**Exercise requirements**
Report, as a number alone, how many lines below contain the string "else".

══════

lemma exists_finite_rounding_classes:
  fixes \<Omega> :: "'a::euclidean_space set" and Q :: "'i \<Rightarrow> 'a set" and c :: "('a \<Rightarrow> real) \<Rightarrow> 'i \<Rightarrow> real"
  assumes I: "finite I" "\<And>k. k \<in> I \<Longrightarrow> Q k \<in> sets lebesgue" "disjoint_family_on Q I"
      "\<Omega> \<subseteq> (\<Union>k\<in>I. Q k)"
    and \<Omega>: "\<Omega> \<in> sets lebesgue" "emeasure lebesgue \<Omega> \<noteq> \<infinity>"
    and S_meas: "\<And>u. u \<in> S \<Longrightarrow> u \<in> borel_measurable lebesgue"
    and S_bounded: "\<And>u. u \<in> S \<Longrightarrow> L2sq \<Omega> u \<le> ennreal C" and "C \<ge> 0"
    and c: "\<And>u. u \<in> S \<Longrightarrow> (\<Sum>k\<in>I. \<integral>\<^sup>+x\<in>Q k \<inter> \<Omega>. ennreal ((u x - c u k)\<^sup>2) \<partial>lebesgue) \<le> ennreal \<epsilon>"
    and "\<epsilon> \<ge> 0" "\<delta> > 0"
  shows "\<exists>f :: ('a \<Rightarrow> real) \<Rightarrow> 'i \<Rightarrow> int. finite (f ` S) \<and> (\<forall>u\<in>S. \<forall>v\<in>S. f u = f v \<longrightarrow>
      L2sq \<Omega> (\<lambda>x. u x - v x) \<le> ennreal (6 * \<epsilon> + 3 * (\<delta>\<^sup>2 * measure lebesgue \<Omega>)))"
proof -
  define \<mu> where "\<mu> k = measure lebesgue (Q k \<inter> \<Omega>)" for k
  define R where "R k = sqrt ((2 * C + 2 * \<epsilon>) / \<mu> k)" for k
  \<comment> \<open>Coefficients on null cells are not controlled by the \<open>L\<^sup>2\<close> bound, but they do not affect distances either.\<close>
  define idx where "idx u = restrict (\<lambda>k. if \<mu> k > 0 then \<lfloor>c u k / \<delta>\<rfloor> else 0) I" for u
  have c_bounded: "\<bar>c u k\<bar> \<le> R k" if u: "u \<in> S" and k: "k \<in> I" and "\<mu> k > 0" for u k
  proof -
    have "(\<integral>\<^sup>+x\<in>Q k \<inter> \<Omega>. ennreal ((u x)\<^sup>2) \<partial>lebesgue) \<le> ennreal C"
      using set_nn_integral_sq_le_L2sq S_bounded[OF u] by (rule order_trans)
    moreover have "(\<integral>\<^sup>+x\<in>Q k \<inter> \<Omega>. ennreal ((u x - c u k)\<^sup>2) \<partial>lebesgue) \<le> ennreal \<epsilon>"
      using member_le_sum[OF k, of "\<lambda>k. \<integral>\<^sup>+x\<in>Q k \<inter> \<Omega>. ennreal ((u x - c u k)\<^sup>2) \<partial>lebesgue"] c[OF u] I(1)
      by simp
    moreover have "emeasure lebesgue (Q k \<inter> \<Omega>) \<noteq> \<infinity>"
      using \<Omega> I(2)[OF k] emeasure_mono[of "Q k \<inter> \<Omega>" \<Omega> lebesgue] by (auto simp: top_unique)
    ultimately show ?thesis
      unfolding R_def using I(2)[OF k] \<Omega>(1) \<open>\<mu> k > 0\<close> \<open>C \<ge> 0\<close> \<open>\<epsilon> \<ge> 0\<close> S_meas[OF u]
      by (auto simp: \<mu>_def intro!: abs_le_of_L2_bounds)
  qed
  have "idx u \<in> PiE I (\<lambda>k. {-\<lceil>R k / \<delta>\<rceil>..\<lceil>R k / \<delta>\<rceil>})" if "u \<in> S" for u
    unfolding idx_def restrict_PiE_iff
  proof
    fix k assume "k \<in> I"
    have "0 \<le> R k / \<delta>"
      using \<open>C \<ge> 0\<close> \<open>\<epsilon> \<ge> 0\<close> \<open>\<delta> > 0\<close> by (simp add: R_def \<mu>_def)
    then show "(if \<mu> k > 0 then \<lfloor>c u k / \<delta>\<rfloor> else 0) \<in> {-\<lceil>R k / \<delta>\<rceil>..\<lceil>R k / \<delta>\<rceil>}"
      using floor_divide_mem_symmetric_range[OF \<open>\<delta> > 0\<close> c_bounded[OF \<open>u \<in> S\<close> \<open>k \<in> I\<close>]] by auto
  qed
  then have "finite (idx ` S)"
    by (rule finite_subset[OF image_subsetI]) (auto intro: finite_PiE I(1))
  moreover have "L2sq \<Omega> (\<lambda>x. u x - v x) \<le> ennreal (6 * \<epsilon> + 3 * (\<delta>\<^sup>2 * measure lebesgue \<Omega>))"
    if u: "u \<in> S" and v: "v \<in> S" and "idx u = idx v" for u v
  proof (rule L2sq_diff_le_of_step_approximations[OF I \<Omega> S_meas[OF u] S_meas[OF v] c[OF u] c[OF v] _ \<open>\<epsilon> \<ge> 0\<close>])
    fix k assume "k \<in> I" "measure lebesgue (Q k \<inter> \<Omega>) \<noteq> 0"
    then have "\<mu> k > 0"
      by (simp add: \<mu>_def order_neq_le_trans)
    then have "\<lfloor>c u k / \<delta>\<rfloor> = \<lfloor>c v k / \<delta>\<rfloor>"
      using fun_cong[OF \<open>idx u = idx v\<close>, of k] \<open>k \<in> I\<close> by (simp add: idx_def)
    then show "\<bar>c u k - c v k\<bar> \<le> \<delta>"
      by (rule abs_diff_le_of_floor_divide_eq[OF \<open>\<delta> > 0\<close>])
  qed
  ultimately show ?thesis
    by (intro exI[of _ idx]) auto
qed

══════

**Solution below**
2